■ **Problem description**: Across the records below, how many lines contain the string "maximal"? Give the number by itself.

■ **Provided information**:
(* Let $R$ be a P$v$MD and $J\subseteq I$ nonzero ideals of $R$. The following are equivalent: (1) $J$ is a $t$-reduction of $I$, i.e. $(JI^n)_t=(I^{n+1})_t$ for some $n\ge1$; (2) $(JR_M)(IR_M)=(IR_M)^2$ for every maximal $t$-ideal $M$ of $R$; (3) $(JI)_t=(I^2)_t$.
   Context: For a domain $R$ with quotient field $K$ and nonzero fractional ideal $I$: $I^{-1}=(R:I)=\{x\in K:xI\subseteq R\}$, $I_v=(I^{-1})^{-1}$, $I_t=\bigcup J_v$ over finitely generated subideals $J\subseteq I$; a maximal $t$-ideal is an ideal maximal among proper integral ideals $P$ with $P_t=P$. $R$ is a P$v$MD (Prüfer $v$-multiplication domain) if every nonzero finitely generated ideal $I$ satisfies $(II^{-1})_t=R$ (equivalently, $R_M$ is a valuation domain for each maximal $t$-ideal $M$). *)

theory Defs
  imports Main "HOL-Computational_Algebra.Fraction_Field"
begin

text \<open>The domain R is the type 'a :: idom, embedded in its quotient field K = 'a fract.
  All (fractional) ideals are represented as subsets of K.\<close>

definition Rset :: "'a::idom fract set" where
  "Rset = range (\<lambda>a. Fract a 1)"

definition span_over :: "'a::idom fract set \<Rightarrow> 'a fract set \<Rightarrow> 'a fract set" where
  "span_over S X = {(\<Sum>x\<in>F. c x * x) | F c. finite F \<and> F \<subseteq> X \<and> (\<forall>x\<in>F. c x \<in> S)}"

definition ideal_prod :: "'a::idom fract set \<Rightarrow> 'a fract set \<Rightarrow> 'a fract set \<Rightarrow> 'a fract set" where
  "ideal_prod S A B = span_over S {a * b | a b. a \<in> A \<and> b \<in> B}"

primrec ideal_pow :: "'a::idom fract set \<Rightarrow> 'a fract set \<Rightarrow> nat \<Rightarrow> 'a fract set" where
  "ideal_pow S A 0 = S"
| "ideal_pow S A (Suc n) = ideal_prod S A (ideal_pow S A n)"

definition is_ideal :: "'a::idom fract set \<Rightarrow> bool" where
  "is_ideal I \<longleftrightarrow> I \<subseteq> Rset \<and> 0 \<in> I \<and> (\<forall>x\<in>I. \<forall>y\<in>I. x + y \<in> I)
     \<and> (\<forall>r\<in>Rset. \<forall>x\<in>I. r * x \<in> I)"

definition fin_gen :: "'a::idom fract set \<Rightarrow> bool" where
  "fin_gen I \<longleftrightarrow> (\<exists>F. finite F \<and> I = span_over Rset F)"
lemma directional_derivatives_at_maximum:
  fixes f :: "real^'n \<Rightarrow> real" and fx :: "real^'n \<Rightarrow> real^'n" and fxx :: "real^'n \<Rightarrow> real^'n^'n"
  assumes cont: "continuous_on (closure \<Omega>) f" "continuous_on (closure \<Omega>) fx" "continuous_on (closure \<Omega>) fxx"
    and f': "\<And>y. y \<in> \<Omega> \<Longrightarrow> (f has_derivative (\<lambda>h. fx y \<bullet> h)) (at y)"
    and f'': "\<And>y. y \<in> \<Omega> \<Longrightarrow> (fx has_derivative (\<lambda>h. fxx y *v h)) (at y)"
    and x: "x \<in> closure \<Omega>" and max: "\<And>y. y \<in> closure \<Omega> \<Longrightarrow> f y \<le> f x"
    and e: "enters_along \<Omega> x e"
  shows "fx x \<bullet> e \<le> 0" and "fx x \<bullet> e = 0 \<Longrightarrow> (fxx x *v e) \<bullet> e \<le> 0"
proof -
  obtain \<delta>0 where "\<delta>0 > 0" and line: "\<And>s. 0 < s \<Longrightarrow> s < \<delta>0 \<Longrightarrow> x + s *\<^sub>R e \<in> \<Omega>"
    using e unfolding enters_along_def by blast
  define \<delta> where "\<delta> = \<delta>0 / 2"
  have "\<delta> > 0" "\<delta> < \<delta>0" using \<open>\<delta>0 > 0\<close> by (auto simp: \<delta>_def)
  have in_closure: "x + s *\<^sub>R e \<in> closure \<Omega>" if "0 \<le> s" "s \<le> \<delta>" for s
    using that x line[of s] \<open>\<delta> < \<delta>0\<close> closure_subset by (cases "s = 0") auto
  then have image: "(\<lambda>s. x + s *\<^sub>R e) ` {0..\<delta>} \<subseteq> closure \<Omega>" by auto
  have line_cont: "continuous_on {0..\<delta>} (\<lambda>s. x + s *\<^sub>R e)" by (intro continuous_intros)
  have "continuous_on {0..\<delta>} (\<lambda>s. f (x + s *\<^sub>R e))"
    "continuous_on {0..\<delta>} (\<lambda>s. fx (x + s *\<^sub>R e) \<bullet> e)"
    "continuous_on {0..\<delta>} (\<lambda>s. (fxx (x + s *\<^sub>R e) *v e) \<bullet> e)"
    using continuous_on_compose2[OF cont(1) line_cont image] continuous_on_compose2[OF cont(2) line_cont image]
      continuous_on_compose2[OF cont(3) line_cont image]
    by (auto intro!: continuous_intros bounded_linear.continuous_on[OF bounded_linear_matrix_vector_mult_left])
    note cont_line = this
  have "((\<lambda>s. f (x + s *\<^sub>R e)) has_real_derivative fx (x + s *\<^sub>R e) \<bullet> e) (at s)"
    and "((\<lambda>s. fx (x + s *\<^sub>R e) \<bullet> e) has_real_derivative (fxx (x + s *\<^sub>R e) *v e) \<bullet> e) (at s)"
    if "0 < s" "s < \<delta>" for s
  proof -
    have y: "x + s *\<^sub>R e \<in> \<Omega>" using line that \<open>\<delta> < \<delta>0\<close> by simp
    show "((\<lambda>s. f (x + s *\<^sub>R e)) has_real_derivative fx (x + s *\<^sub>R e) \<bullet> e) (at s)"
      using has_derivative_along_line[OF f'[OF y]]
      by (simp add: has_field_derivative_def mult_commute_abs bounded_linear_inner_right bounded_linear.linear)
    have "((\<lambda>s. fx (x + s *\<^sub>R e)) has_derivative (\<lambda>h. h *\<^sub>R (fxx (x + s *\<^sub>R e) *v e))) (at s)"
      using has_derivative_along_line[OF f''[OF y]] by simp
    then have "((\<lambda>s. fx (x + s *\<^sub>R e) \<bullet> e) has_derivative (\<lambda>h. h *\<^sub>R (fxx (x + s *\<^sub>R e) *v e) \<bullet> e)) (at s)"
      by (auto intro!: derivative_eq_intros)
    then show "((\<lambda>s. fx (x + s *\<^sub>R e) \<bullet> e) has_real_derivative (fxx (x + s *\<^sub>R e) *v e) \<bullet> e) (at s)"
      by (simp add: has_field_derivative_def mult_commute_abs)
  qed
  note derivs = this
  have "f (x + s *\<^sub>R e) \<le> f (x + 0 *\<^sub>R e)" if "0 \<le> s" "s \<le> \<delta>" for s
    using max[OF in_closure[OF that]] by simp
  from right_derivatives_at_maximum[OF \<open>\<delta> > 0\<close> cont_line derivs this]
  show "fx x \<bullet> e \<le> 0" and "fx x \<bullet> e = 0 \<Longrightarrow> (fxx x *v e) \<bullet> e \<le> 0" by simp_all
qed

lemma quadratic_form_axis: "((H::real^'n^'n) *v axis i 1) \<bullet> axis i 1 = H $ i $ i"
  by (simp add: matrix_vector_mult_basis inner_axis column_def)

lemma quadratic_form_uminus: "((H::real^'n^'n) *v (- w)) \<bullet> (- w) = (H *v w) \<bullet> w"
  by (simp add: linear_neg[OF matrix_vector_mul_linear])

lemma diag_nonpos_of_quadratic_form_nonpos_on_halfspace:
  fixes H :: "real^'n^'n"
  assumes "n \<noteq> 0" and neg: "\<And>e. e \<bullet> n < 0 \<Longrightarrow> (H *v e) \<bullet> e \<le> 0"
  shows "H $ i $ i \<le> 0"
proof -
  have closed_halfspace: "(H *v w) \<bullet> w \<le> 0" if "w \<bullet> n \<le> 0" for w
  proof -
    have "isCont (\<lambda>\<epsilon>. (H *v (w - \<epsilon> *\<^sub>R n)) \<bullet> (w - \<epsilon> *\<^sub>R n)) 0"
      by (intro continuous_intros isCont_o2[OF _ matrix_vector_mult_linear_continuous_at])
    then have "((\<lambda>\<epsilon>. (H *v (w - \<epsilon> *\<^sub>R n)) \<bullet> (w - \<epsilon> *\<^sub>R n)) \<longlongrightarrow> (H *v w) \<bullet> w) (at_right 0)"
      unfolding isCont_def by (auto intro: tendsto_within_subset)
    moreover have "eventually (\<lambda>\<epsilon>. (H *v (w - \<epsilon> *\<^sub>R n)) \<bullet> (w - \<epsilon> *\<^sub>R n) \<le> 0) (at_right 0)"
      using eventually_at_right_less[of 0]
    proof eventually_elim
      case (elim \<epsilon>)
      have "0 < \<epsilon> * (n \<bullet> n)" using elim \<open>n \<noteq> 0\<close> by simp
      then have "(w - \<epsilon> *\<^sub>R n) \<bullet> n < 0" using that by (simp add: inner_diff_left)
      then show ?case by (rule neg)
    qed
    ultimately show ?thesis by (rule tendsto_upperbound) simp
  qed
  show ?thesis
  proof (cases "axis i 1 \<bullet> n \<le> 0")
    case True
    from closed_halfspace[OF True] show ?thesis by (simp add: quadratic_form_axis)
  next
    case False
    then have "(- axis i 1) \<bullet> n \<le> 0" by simp
    from closed_halfspace[OF this] show ?thesis by (simp only: quadratic_form_uminus quadratic_form_axis)
  qed
qed

lemma gradient_and_hessian_at_maximum:
  fixes f :: "real^'n \<Rightarrow> real" and fx :: "real^'n \<Rightarrow> real^'n" and fxx :: "real^'n \<Rightarrow> real^'n^'n"
  assumes "open \<Omega>"
    and cont: "continuous_on (closure \<Omega>) f" "continuous_on (closure \<Omega>) fx" "continuous_on (closure \<Omega>) fxx"
    and f': "\<And>y. y \<in> \<Omega> \<Longrightarrow> (f has_derivative (\<lambda>h. fx y \<bullet> h)) (at y)"
    and f'': "\<And>y. y \<in> \<Omega> \<Longrightarrow> (fx has_derivative (\<lambda>h. fxx y *v h)) (at y)"
    and x: "x \<in> closure \<Omega>" and max: "\<And>y. y \<in> closure \<Omega> \<Longrightarrow> f y \<le> f x"
    and boundary: "x \<notin> \<Omega> \<Longrightarrow> n \<noteq> 0 \<and> fx x \<bullet> n = 0 \<and> (\<forall>e. e \<bullet> n < 0 \<longrightarrow> enters_along \<Omega> x e)"
  shows "fx x = 0" and "fxx x $ i $ i \<le> 0"
proof -
  have first: "fx x \<bullet> e \<le> 0" if "enters_along \<Omega> x e" for e
    using directional_derivatives_at_maximum(1)[where f = f and fx = fx and fxx = fxx] cont f' f'' x max that
    by blast
  have second: "(fxx x *v e) \<bullet> e \<le> 0" if "enters_along \<Omega> x e" "fx x \<bullet> e = 0" for e
    using directional_derivatives_at_maximum(2)[where f = f and fx = fx and fxx = fxx] cont f' f'' x max that
    by blast
  have "fx x = 0 \<and> fxx x $ i $ i \<le> 0"
  proof (cases "x \<in> \<Omega>")
    case True
    then have enters: "enters_along \<Omega> x e" for e using enters_along_open[OF \<open>open \<Omega>\<close>] by blast
    have "fx x \<bullet> fx x \<le> 0" using first[OF enters] .
    then have "fx x = 0" by (metis inner_gt_zero_iff not_le)
    then show ?thesis using second[OF enters, of "axis i 1"] by (simp add: quadratic_form_axis)
  next
    case False
    with boundary have "n \<noteq> 0" and normal: "fx x \<bullet> n = 0"
      and enters: "\<And>e. e \<bullet> n < 0 \<Longrightarrow> enters_along \<Omega> x e" by auto
    have "(fx x - n) \<bullet> n < 0" using normal \<open>n \<noteq> 0\<close> by (simp add: inner_diff_left)
    from first[OF enters[OF this]] have "fx x \<bullet> fx x \<le> 0" using normal by (simp add: inner_diff_right)
    then have "fx x = 0" by (metis inner_gt_zero_iff not_le)
    moreover have "(fxx x *v e) \<bullet> e \<le> 0" if "e \<bullet> n < 0" for e
      using second[OF enters[OF that]] \<open>fx x = 0\<close> by simp
    ultimately show ?thesis using diag_nonpos_of_quadratic_form_nonpos_on_halfspace[OF \<open>n \<noteq> 0\<close>] by blast
  qed
  then show "fx x = 0" and "fxx x $ i $ i \<le> 0" by simp_all
qed

lemma C11_boundary_inward_directions:
  fixes \<Omega> :: "(real^'n) set"
  assumes "C11_boundary_with_normal \<Omega> nrm" and x: "x \<in> closure \<Omega>" "x \<notin> \<Omega>"
  shows "norm (nrm x) = 1" and "e \<bullet> nrm x < 0 \<Longrightarrow> enters_along \<Omega> x e"
proof -
  have "x \<in> frontier \<Omega>" using x interior_subset by (auto simp: frontier_def)
  then obtain \<delta> \<rho> g L where "\<delta> > 0"
    and \<rho>': "\<forall>y\<in>ball x \<delta>. (\<rho> has_derivative (\<lambda>h. g y \<bullet> h)) (at y)"
    and "\<forall>y\<in>ball x \<delta>. \<forall>z\<in>ball x \<delta>. norm (g y - g z) \<le> L * norm (y - z)"
    and "\<forall>y\<in>ball x \<delta>. g y \<noteq> 0"
    and local: "\<Omega> \<inter> ball x \<delta> = {y \<in> ball x \<delta>. \<rho> y < 0}"
    and nrm: "nrm x = g x /\<^sub>R norm (g x)"
    using assms(1) unfolding C11_boundary_with_normal_def by blast
  then have "g x \<noteq> 0" by simp
  then show "norm (nrm x) = 1" by (simp add: nrm)
  have "\<rho> x \<ge> 0"
  proof (rule ccontr)
    assume "\<not> \<rho> x \<ge> 0"
    then have "x \<in> {y \<in> ball x \<delta>. \<rho> y < 0}" using \<open>\<delta> > 0\<close> by simp
    then show False using local x(2) by blast
  qed
  moreover have "\<rho> x \<le> 0"
  proof (rule continuous_le_on_closure[where S = "\<Omega> \<inter> ball x (\<delta> / 2)"])
    have "closure (\<Omega> \<inter> ball x (\<delta> / 2)) \<subseteq> cball x (\<delta> / 2)" by (rule closure_minimal) auto
    also have "\<dots> \<subseteq> ball x \<delta>" using \<open>\<delta> > 0\<close> by (auto simp: subset_eq)
    finally have sub: "closure (\<Omega> \<inter> ball x (\<delta> / 2)) \<subseteq> ball x \<delta>" .
    have "continuous_on (ball x \<delta>) \<rho>"
      using \<rho>' by (intro continuous_at_imp_continuous_on) (auto intro: has_derivative_continuous)
    then show "continuous_on (closure (\<Omega> \<inter> ball x (\<delta> / 2))) \<rho>"
      using sub by (rule continuous_on_subset)
    show "x \<in> closure (\<Omega> \<inter> ball x (\<delta> / 2))"
      using open_Int_closure_subset[of "ball x (\<delta> / 2)" \<Omega>] x \<open>\<delta> > 0\<close> by (auto simp: Int_commute)
    fix y assume "y \<in> \<Omega> \<inter> ball x (\<delta> / 2)"
    moreover have "ball x (\<delta> / 2) \<subseteq> ball x \<delta>" using \<open>\<delta> > 0\<close> by (intro subset_ball) simp
    ultimately have "y \<in> \<Omega> \<inter> ball x \<delta>" by blast
    then show "\<rho> y \<le> 0" using local by auto
  qed
  ultimately have "\<rho> x = 0" by simp
  assume "e \<bullet> nrm x < 0"
  then have "g x \<bullet> e < 0"
    using \<open>g x \<noteq> 0\<close> by (simp add: nrm inner_commute mult_less_0_iff)
  have "(\<rho> has_derivative (\<lambda>h. g x \<bullet> h)) (at (x + 0 *\<^sub>R e))" using \<rho>' \<open>\<delta> > 0\<close> by simp
  from has_derivative_along_line[OF this bounded_linear.linear[OF bounded_linear_inner_right]]
  have "DERIV (\<lambda>s. \<rho> (x + s *\<^sub>R e)) 0 :> g x \<bullet> e"
    by (simp add: has_field_derivative_def mult_commute_abs)
  then obtain d where "d > 0" and neg: "\<And>s. s > 0 \<Longrightarrow> s < d \<Longrightarrow> \<rho> (x + s *\<^sub>R e) < 0"
    using DERIV_neg_dec_right[OF _ \<open>g x \<bullet> e < 0\<close>] \<open>\<rho> x = 0\<close> by force
  have "enters_along (ball x \<delta>) x e" using enters_along_open[of "ball x \<delta>" x] \<open>\<delta> > 0\<close> by simp
  then obtain d' where "d' > 0" and ball: "\<And>s. s > 0 \<Longrightarrow> s < d' \<Longrightarrow> x + s *\<^sub>R e \<in> ball x \<delta>"
    unfolding enters_along_def by blast
  show "enters_along \<Omega> x e"
    unfolding enters_along_def using \<open>d > 0\<close> \<open>d' > 0\<close> neg ball local
    by (intro exI[of _ "min d d'"]) auto
qed

lemma continuous_on_slice_snd:
  assumes "continuous_on (A \<times> B) (\<lambda>(t, x). g t x)" "t \<in> A"
  shows "continuous_on B (g t)"
proof -
  have "continuous_on B (\<lambda>x. (\<lambda>(t, x). g t x) (t, x))"
    by (rule continuous_on_compose2[OF assms(1)]) (use assms(2) in \<open>auto intro!: continuous_intros\<close>)
  then show ?thesis by simp
qed

lemma continuous_on_slice_fst:
  assumes "continuous_on (A \<times> B) (\<lambda>(t, x). g t x)" "x \<in> B"
  shows "continuous_on A (\<lambda>t. g t x)"
proof -
  have "continuous_on A (\<lambda>t. (\<lambda>(t, x). g t x) (t, x))"
    by (rule continuous_on_compose2[OF assms(1)]) (use assms(2) in \<open>auto intro!: continuous_intros\<close>)
  then show ?thesis by simp
qed


lemma emeasure_lborel_ball_nonzero:
  fixes c :: "'a::euclidean_space"
  assumes "r > 0"
  shows "emeasure lborel (ball c r) \<noteq> 0"
  using content_ball_pos[OF assms] emeasure_lborel_ball_finite[of c r]
  by (simp add: emeasure_eq_ennreal_measure)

■ **Written response**: 2